В сущности, Эмиль оказался самозванцем, и в глубине души Маргарита, наверно, винила его за то, что он втерся к ней в дом хитростью. Как будто она не позвала его сама!
Однажды жарким августовским утром Буэн сидел у окна. При Анжеле он, бывало, брал отпуск, ехал с ней к морю или в деревню. Овдовев, он редко уезжал из Парижа. Что ему делать одному вне дома?
Внезапно через дорогу от него Маргарита драматическим жестом распахнула дверь. Было десять утра. По всему тупику проветривались на подоконниках одеяла, простыни, матрасы. Она тревожно озиралась, искала, к кому бы обратиться, и видно было, что она совсем растерялась.
— Мсье! — окликнула она его с тротуара. Он встал.
— Вы не могли бы спуститься? Скорее, а то весь дом затопит.
Он, в чем был, без пиджака, спустился и перешел дорогу:
— Что случилось?
— У меня в ванной хлещет вода! Я ничего в этом не смыслю.
Эмиль поднялся по лестнице — дом был ему незнаком, но похож на тот, из которого он вышел. В ванной прорвало трубу, откуда бил гейзер почти кипящей воды.
— Инструмент у вас найдется? Шведский ключ?

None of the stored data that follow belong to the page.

(* Let $(\mathcal{A},\mathbb{W},\mathfrak{s})$ be a weakly extriangulated category in which every inflation is a monomorphism and every deflation is an epimorphism. Let $\mathcal{W}$ be the class of conflations, i.e. of all sequences $A\xrightarrow{f}B\xrightarrow{g}C$ representing $\mathfrak{s}(\delta)$ for some $\delta\in\mathbb{W}(C,A)$. Then $\mathcal{W}$ is a weakly exact structure on $\mathcal{A}$.
   Context: Let $\mathcal{A}$ be an additive category. A weakly exact structure on $\mathcal{A}$ is a class $\mathcal{W}$ of kernel-cokernel pairs $A\xrightarrow{i}B\xrightarrow{d}C$ ($i$ a kernel of $d$, $d$ a cokernel of $i$), closed under isomorphisms and finite direct sums of sequences, with $1_A$ an admissible monic and an admissible epic for all $A$, such that pushouts of admissible monics (first maps of sequences in $\mathcal{W}$) along arbitrary morphisms exist and are admissible monics and pullbacks of admissible epics (second maps) along arbitrary morphisms exist and are admissible epics. For an additive bifunctor $\mathbb{E}:\mathcal{A}^{op}\times\mathcal{A}\to\mathrm{Ab}$ and $\delta\in\mathbb{E}(C,A)$, write $a_*\delta=\mathbb{E}(C,a)(\delta)$, $c^*\delta=\mathbb{E}(c,A)(\delta)$; a morphism of extensions is a pair $(a,c)$ with $a_*\delta=c^*\rho$. $g:B\to C$ is a weak cokernel of $f:A\to B$ if $\mathrm{Hom}(C,X)\to\mathrm{Hom}(B,X)\to\mathrm{Hom}(A,X)$ is exact for all $X$; weak kernels dually; a weak kernel-cokernel pair is $A\xrightarrow{f}B\xrightarrow{g}C$ with $f$ a weak kernel of $g$ and $g$ a weak cokernel of $f$. Two such pairs with the same end terms are equivalent if there is an isomorphism $b$ of middle terms with $(1_A,b,1_C)$ a chain map. A realization $\mathfrak{s}$ assigns to each $\delta\in\mathbb{E}(C,A)$ an equivalence class $[A\xrightarrow{f}B\xrightarrow{g}C]$ such that (R0) every morphism of extensions lifts to a chain map $(a,b,c)$ between representatives. It is exact if (R1) for each representative the sequences $\mathrm{Hom}(C,-)\to\mathrm{Hom}(B,-)\to\mathrm{Hom}(A,-)\xrightarrow{a\mapsto a_*\delta}\mathbb{E}(C,-)$ and $\mathrm{Hom}(-,A)\to\mathrm{Hom}(-,B)\to\mathrm{Hom}(-,C)\xrightarrow{c\mapsto c^*\delta}\mathbb{E}(-,A)$ are exact, and (R2) the zero elements of $\mathbb{E}(0,A)$, $\mathbb{E}(A,0)$ are realized by $[A\xrightarrow{1}A\to0]$, $[0\to A\xrightarrow{1}A]$. The mapping cone of a chain map $(1_A,b,c)$ from $A\xrightarrow{f}B\xrightarrow{g}C$ to $A\xrightarrow{f'}B'\xrightarrow{g'}C'$ is $B\xrightarrow{\left[\begin{smallmatrix}-g\\ b\end{smallmatrix}\right]}C\oplus B'\xrightarrow{[c\ \ g']}C'$; mapping cocones of $(a,b,1_C)$ dually. A weakly extriangulated category is $(\mathcal{A},\mathbb{E},\mathfrak{s})$ with $\mathfrak{s}$ an exact realization satisfying (EA2): for $\rho\in\mathbb{E}(C',A)$, $c:C\to C'$, realizations $A\xrightarrow{f}B\xrightarrow{g}C$ of $c^*\rho$ and $A\xrightarrow{f'}B'\xrightarrow{g'}C'$ of $\rho$, there is $b$ with $(1_A,b,c)$ a chain map whose mapping cone realizes $f_*\rho$; and the dual (EA2)$^{op}$. Conflations are representatives of classes $\mathfrak{s}(\delta)$; inflations and deflations are their first and second morphisms. *)

theory Defs
  imports "HOL-Algebra.Group"
begin

section \<open>Additive categories (encoded with explicit hom-sets)\<close>

record ('o,'m) precat =
  Ob    :: "'o set"
  Hom   :: "'o \<Rightarrow> 'o \<Rightarrow> 'm set"
  cmp   :: "'m \<Rightarrow> 'm \<Rightarrow> 'm"          (* cmp g f = g \<circ> f *)
  idm   :: "'o \<Rightarrow> 'm"
  hadd  :: "'o \<Rightarrow> 'o \<Rightarrow> 'm \<Rightarrow> 'm \<Rightarrow> 'm"
  hzero :: "'o \<Rightarrow> 'o \<Rightarrow> 'm"

definition hom_grp :: "('o,'m) precat \<Rightarrow> 'o \<Rightarrow> 'o \<Rightarrow> 'm monoid" where
  "hom_grp K X Y = \<lparr>carrier = Hom K X Y, mult = hadd K X Y, one = hzero K X Y\<rparr>"

definition hneg :: "('o,'m) precat \<Rightarrow> 'o \<Rightarrow> 'o \<Rightarrow> 'm \<Rightarrow> 'm" where
  "hneg K X Y f = m_inv (hom_grp K X Y) f"

definition is_category :: "('o,'m) precat \<Rightarrow> bool" where
  "is_category K \<longleftrightarrow>
     (\<forall>X\<in>Ob K. idm K X \<in> Hom K X X) \<and>
     (\<forall>X\<in>Ob K. \<forall>Y\<in>Ob K. \<forall>Z\<in>Ob K. \<forall>f\<in>Hom K X Y. \<forall>g\<in>Hom K Y Z.
        cmp K g f \<in> Hom K X Z) \<and>
     (\<forall>W\<in>Ob K. \<forall>X\<in>Ob K. \<forall>Y\<in>Ob K. \<forall>Z\<in>Ob K.
        \<forall>f\<in>Hom K W X. \<forall>g\<in>Hom K X Y. \<forall>h\<in>Hom K Y Z.
        cmp K h (cmp K g f) = cmp K (cmp K h g) f) \<and>
     (\<forall>X\<in>Ob K. \<forall>Y\<in>Ob K. \<forall>f\<in>Hom K X Y.
        cmp K (idm K Y) f = f \<and> cmp K f (idm K X) = f)"

definition preadditive :: "('o,'m) precat \<Rightarrow> bool" where
  "preadditive K \<longleftrightarrow> is_category K \<and>
     (\<forall>X\<in>Ob K. \<forall>Y\<in>Ob K. comm_group (hom_grp K X Y)) \<and>
     (\<forall>X\<in>Ob K. \<forall>Y\<in>Ob K. \<forall>Z\<in>Ob K.
        (\<forall>f\<in>Hom K X Y. \<forall>f'\<in>Hom K X Y. \<forall>g\<in>Hom K Y Z.
           cmp K g (hadd K X Y f f') = hadd K X Z (cmp K g f) (cmp K g f')) \<and>
        (\<forall>f\<in>Hom K X Y. \<forall>g\<in>Hom K Y Z. \<forall>g'\<in>Hom K Y Z.
           cmp K (hadd K Y Z g g') f = hadd K X Z (cmp K g f) (cmp K g' f)))"

definition zero_obj :: "('o,'m) precat \<Rightarrow> 'o \<Rightarrow> bool" where
  "zero_obj K Z \<longleftrightarrow> Z \<in> Ob K \<and>
     (\<forall>X\<in>Ob K. (\<exists>!f. f \<in> Hom K Z X) \<and> (\<exists>!f. f \<in> Hom K X Z))"

definition biproduct ::
  "('o,'m) precat \<Rightarrow> 'o \<Rightarrow> 'o \<Rightarrow> 'o \<Rightarrow> 'm \<Rightarrow> 'm \<Rightarrow> 'm \<Rightarrow> 'm \<Rightarrow> bool" where
  "biproduct K X Y S i1 i2 p1 p2 \<longleftrightarrow> S \<in> Ob K \<and>
     i1 \<in> Hom K X S \<and> i2 \<in> Hom K Y S \<and> p1 \<in> Hom K S X \<and> p2 \<in> Hom K S Y \<and>
     cmp K p1 i1 = idm K X \<and> cmp K p2 i2 = idm K Y \<and>
     cmp K p1 i2 = hzero K Y X \<and> cmp K p2 i1 = hzero K X Y \<and>
     hadd K S S (cmp K i1 p1) (cmp K i2 p2) = idm K S"

definition additive_category :: "('o,'m) precat \<Rightarrow> bool" where
  "additive_category K \<longleftrightarrow> preadditive K \<and> (\<exists>Z. zero_obj K Z) \<and>
     (\<forall>X\<in>Ob K. \<forall>Y\<in>Ob K. \<exists>S i1 i2 p1 p2. biproduct K X Y S i1 i2 p1 p2)"

definition is_mono :: "('o,'m) precat \<Rightarrow> 'o \<Rightarrow> 'o \<Rightarrow> 'm \<Rightarrow> bool" where
  "is_mono K X Y f \<longleftrightarrow> f \<in> Hom K X Y \<and>
     (\<forall>W\<in>Ob K. \<forall>g\<in>Hom K W X. \<forall>h\<in>Hom K W X. cmp K f g = cmp K f h \<longrightarrow> g = h)"

definition is_epi :: "('o,'m) precat \<Rightarrow> 'o \<Rightarrow> 'o \<Rightarrow> 'm \<Rightarrow> bool" where
  "is_epi K X Y f \<longleftrightarrow> f \<in> Hom K X Y \<and>
     (\<forall>W\<in>Ob K. \<forall>g\<in>Hom K Y W. \<forall>h\<in>Hom K Y W. cmp K g f = cmp K h f \<longrightarrow> g = h)"

definition is_iso :: "('o,'m) precat \<Rightarrow> 'o \<Rightarrow> 'o \<Rightarrow> 'm \<Rightarrow> bool" where
  "is_iso K X Y f \<longleftrightarrow> f \<in> Hom K X Y \<and>
     (\<exists>g\<in>Hom K Y X. cmp K g f = idm K X \<and> cmp K f g = idm K Y)"

section \<open>Three-term sequences\<close>

text \<open>A sequence A --f--> B --g--> C is the tuple (A, f, B, g, C).\<close>
type_synonym ('o,'m) seq = "'o \<times> 'm \<times> 'o \<times> 'm \<times> 'o"

definition is_kernel :: "('o,'m) precat \<Rightarrow> 'o \<Rightarrow> 'o \<Rightarrow> 'o \<Rightarrow> 'm \<Rightarrow> 'm \<Rightarrow> bool" where
  "is_kernel K A B C i d \<longleftrightarrow> i \<in> Hom K A B \<and> d \<in> Hom K B C \<and>
     cmp K d i = hzero K A C \<and>
     (\<forall>W\<in>Ob K. \<forall>x\<in>Hom K W B. cmp K d x = hzero K W C \<longrightarrow>
        (\<exists>!y. y \<in> Hom K W A \<and> cmp K i y = x))"

definition is_cokernel :: "('o,'m) precat \<Rightarrow> 'o \<Rightarrow> 'o \<Rightarrow> 'o \<Rightarrow> 'm \<Rightarrow> 'm \<Rightarrow> bool" where
  "is_cokernel K A B C i d \<longleftrightarrow> i \<in> Hom K A B \<and> d \<in> Hom K B C \<and>
     cmp K d i = hzero K A C \<and>
     (\<forall>W\<in>Ob K. \<forall>x\<in>Hom K B W. cmp K x i = hzero K A W \<longrightarrow>
        (\<exists>!y. y \<in> Hom K C W \<and> cmp K y d = x))"

definition kc_pair :: "('o,'m) precat \<Rightarrow> ('o,'m) seq \<Rightarrow> bool" where
  "kc_pair K S = (case S of (A, i, B, d, C) \<Rightarrow>
     A \<in> Ob K \<and> B \<in> Ob K \<and> C \<in> Ob K \<and> is_kernel K A B C i d \<and> is_cokernel K A B C i d)"

definition chain_map :: "('o,'m) precat \<Rightarrow> ('o,'m) seq \<Rightarrow> ('o,'m) seq \<Rightarrow> 'm \<Rightarrow> 'm \<Rightarrow> 'm \<Rightarrow> bool" where
  "chain_map K S S' a b c = (case S of (A, f, B, g, C) \<Rightarrow> case S' of (A', f', B', g', C') \<Rightarrow>
     A \<in> Ob K \<and> B \<in> Ob K \<and> C \<in> Ob K \<and> A' \<in> Ob K \<and> B' \<in> Ob K \<and> C' \<in> Ob K \<and>
     f \<in> Hom K A B \<and> g \<in> Hom K B C \<and> f' \<in> Hom K A' B' \<and> g' \<in> Hom K B' C' \<and>
     a \<in> Hom K A A' \<and> b \<in> Hom K B B' \<and> c \<in> Hom K C C' \<and>
     cmp K b f = cmp K f' a \<and> cmp K c g = cmp K g' b)"

definition seq_iso :: "('o,'m) precat \<Rightarrow> ('o,'m) seq \<Rightarrow> ('o,'m) seq \<Rightarrow> bool" where
  "seq_iso K S S' = (case S of (A, f, B, g, C) \<Rightarrow> case S' of (A', f', B', g', C') \<Rightarrow>
     (\<exists>a b c. chain_map K S S' a b c \<and>
        is_iso K A A' a \<and> is_iso K B B' b \<and> is_iso K C C' c))"

section \<open>Weakly exact structures\<close>

definition adm_monic :: "('o,'m) precat \<Rightarrow> ('o,'m) seq set \<Rightarrow> 'o \<Rightarrow> 'm \<Rightarrow> 'o \<Rightarrow> bool" where
  "adm_monic K W A i B \<longleftrightarrow> (\<exists>d C. (A, i, B, d, C) \<in> W)"

definition adm_epic :: "('o,'m) precat \<Rightarrow> ('o,'m) seq set \<Rightarrow> 'o \<Rightarrow> 'm \<Rightarrow> 'o \<Rightarrow> bool" where
  "adm_epic K W B d C \<longleftrightarrow> (\<exists>A i. (A, i, B, d, C) \<in> W)"

definition is_pushout ::
  "('o,'m) precat \<Rightarrow> 'o \<Rightarrow> 'o \<Rightarrow> 'o \<Rightarrow> 'o \<Rightarrow> 'm \<Rightarrow> 'm \<Rightarrow> 'm \<Rightarrow> 'm \<Rightarrow> bool" where
  "is_pushout K A B A' P f a f' a' \<longleftrightarrow> P \<in> Ob K \<and>
     f' \<in> Hom K A' P \<and> a' \<in> Hom K B P \<and> cmp K a' f = cmp K f' a \<and>
     (\<forall>X\<in>Ob K. \<forall>u\<in>Hom K B X. \<forall>v\<in>Hom K A' X. cmp K u f = cmp K v a \<longrightarrow>
        (\<exists>!w. w \<in> Hom K P X \<and> cmp K w a' = u \<and> cmp K w f' = v))"

definition is_pullback ::
  "('o,'m) precat \<Rightarrow> 'o \<Rightarrow> 'o \<Rightarrow> 'o \<Rightarrow> 'o \<Rightarrow> 'm \<Rightarrow> 'm \<Rightarrow> 'm \<Rightarrow> 'm \<Rightarrow> bool" where
  "is_pullback K B C C' P d c d' c' \<longleftrightarrow> P \<in> Ob K \<and>
     d' \<in> Hom K P C' \<and> c' \<in> Hom K P B \<and> cmp K d c' = cmp K c d' \<and>
     (\<forall>X\<in>Ob K. \<forall>u\<in>Hom K X B. \<forall>v\<in>Hom K X C'. cmp K d u = cmp K c v \<longrightarrow>
        (\<exists>!w. w \<in> Hom K X P \<and> cmp K c' w = u \<and> cmp K d' w = v))"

— Вряд ли… Нет… Я никогда этим не занималась. В подвале были какие-то инструменты, но они заржавели, и я от них избавилась.
— Сейчас вернусь.
Дома он взял все, что требовалось.
— Где водомер?
— Под лестницей. Господи, сейчас протечет на потолок!
Через пять минут вода перестала течь.
— Дайте ведро и тряпку.
Ванная на несколько сантиметров была затоплена, и, не слушая возражений женщины, он тщательно собрал воду.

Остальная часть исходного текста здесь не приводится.